Recently, I've been thinking about an issue and I'm not really sure where to stand. It has to do with tournaments where a winning player/team or the top percentage of winning players/teams earn a prize. The issue stems from the idea of gambling and wagering for entertainment.

I assume that many here hold the stance that gambling with money is dangerous, even sinful. After all, we are told to be good stewards of what the Lord has given us, including money, and gambling it away based solely or largely on luck is not good stewardship. Even in the event of something like poker, which is largely luck but has an element of skill in math and reads, people would say it's gambling.

However, does this apply to entering tournaments where there is an entry fee and the winners receive a share of the prize pool? It doesn't necessarily have to be a gambling tournament. It could be a tournament for football, soccer, video games, archery, rock-paper-scissors, anything. Is the idea applicable, such that spending money on entry is pretty much a gamble because you're never guaranteed the prize? Even though tournaments are largely skill, there is an element of luck. Would that qualify as gambling?

On a related note, what about the stock market? If gambling is to be avoided, should we avoid participating in tournaments and the stock market?


----------



## Jack K (Jun 27, 2010)

If the prize pool is there just to make the event a bit more interesting and fun, I think it's probably okay. But when winning the money become the consuming interest behind taking part, it becomes unhealthy and sinful. That's when we generally start to call it gambling, even when skill is involved. Where to draw the line requires wisdom as we run across specific situations. Knowing how easily the idea of winning money tempts and consumes some people, I'd generally try to err on the side of caution and/or talk things over with the participants to learn how they're approaching it.

The stock market is an interesting question. I think many investors play the market very much like a gambling addict plays the tables, and experience the same emotions and motivations the gambler does. I was taught in business school that unless you're super, super smart or cheating, playing the market for wins and losses is essentially a game of chance. However, stocks as a long-term investment are a wise way to handle money for many people in many situations. So investing in the market is itself not sinful and possibly very wise, but _how_ you do so may be sinful.


----------



## kvanlaan (Jun 27, 2010)

> The stock market is an interesting question. I think many investors play the market very much like a gambling addict plays the tables, and experience the same emotions and motivations the gambler does. I was taught in business school that unless you're super, super smart or cheating, playing the market for wins and losses is essentially a game of chance. However, stocks as a long-term investment are a wise way to handle money for many people in many situations. So investing in the market is itself not sinful and possibly very wise, but how you do so may be sinful.

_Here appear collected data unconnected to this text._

(* Let $\Bbbk\supseteq\mathbb Q$ be a commutative ring, $\mathfrak g$ a Lie algebra over $\Bbbk$, $H=\mathcal U(\mathfrak g)$, $C=S(\mathfrak g)$, and $\xi:S(\mathfrak g)\to\mathcal U(\mathfrak g)$ the symmetrization map $x_1\cdots x_n\mapsto\frac1{n!}\sum_{\sigma\in S_n}x_{\sigma(1)}\cdots x_{\sigma(n)}$. For $h\in\mathfrak g$ let $D_h:=\xi^{-1}\circ L_h\circ\xi:S(\mathfrak g)\to S(\mathfrak g)$, where $L_h(u)=hu$ is left multiplication in $\mathcal U(\mathfrak g)$. Then for all $h,x\in\mathfrak g$ and $n\ge0$, $$D_h(x^n)=\xi^{-1}(hx^n)=\sum_{k=0}^n\binom nk B_{n-k}\,x^k\cdot\bigl((\operatorname{ad}x)^{n-k}(h)\bigr),$$ where the product on the right is taken in $S(\mathfrak g)$ and $(\operatorname{ad}x)(y)=[x,y]$.
   Context: $\xi$ is a coalgebra isomorphism $S(\mathfrak g)\to\mathcal U(\mathfrak g)$ which is the identity on $\mathfrak g$ (here one uses that $\mathfrak g$ is such that the PBW theorem holds, e.g. $\mathfrak g$ projective over $\Bbbk$). Bernoulli numbers are defined by $\frac{z}{e^z-1}=\sum_{m\ge0}\frac{B_m}{m!}z^m$. *)

theory Defs
  imports Main "HOL-Library.Function_Algebras" "HOL-Combinatorics.Permutations" "HOL-Computational_Algebra.Formal_Power_Series"
begin

text \<open>A commutative ring k contains Q iff every positive integer is invertible in k.\<close>
definition contains_rat :: "'k::comm_ring_1 itself \<Rightarrow> bool" where
  "contains_rat _ \<longleftrightarrow> (\<forall>n::nat. n > 0 \<longrightarrow> (\<exists>y::'k. of_nat n * y = 1))"

definition qinv :: "nat \<Rightarrow> 'k::comm_ring_1" where
  "qinv n = (THE y. of_nat n * y = 1)"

This is indeed a huge problem. As a financial advisor, I see it all the time. We use mutual funds almost exclusively, and pick through a fund to see it's asset allocation mix, how it's dividends are generated, etc. etc. ad nauseum so that we know the companies through and through before we advise anyone to purchase a particular fund. To me, this is investing. But if someone came in my office and I told them that I had a hot stock tip out of the blue and could probably make them 18% by tomorrow afternoon, to me, that is gambling.


----------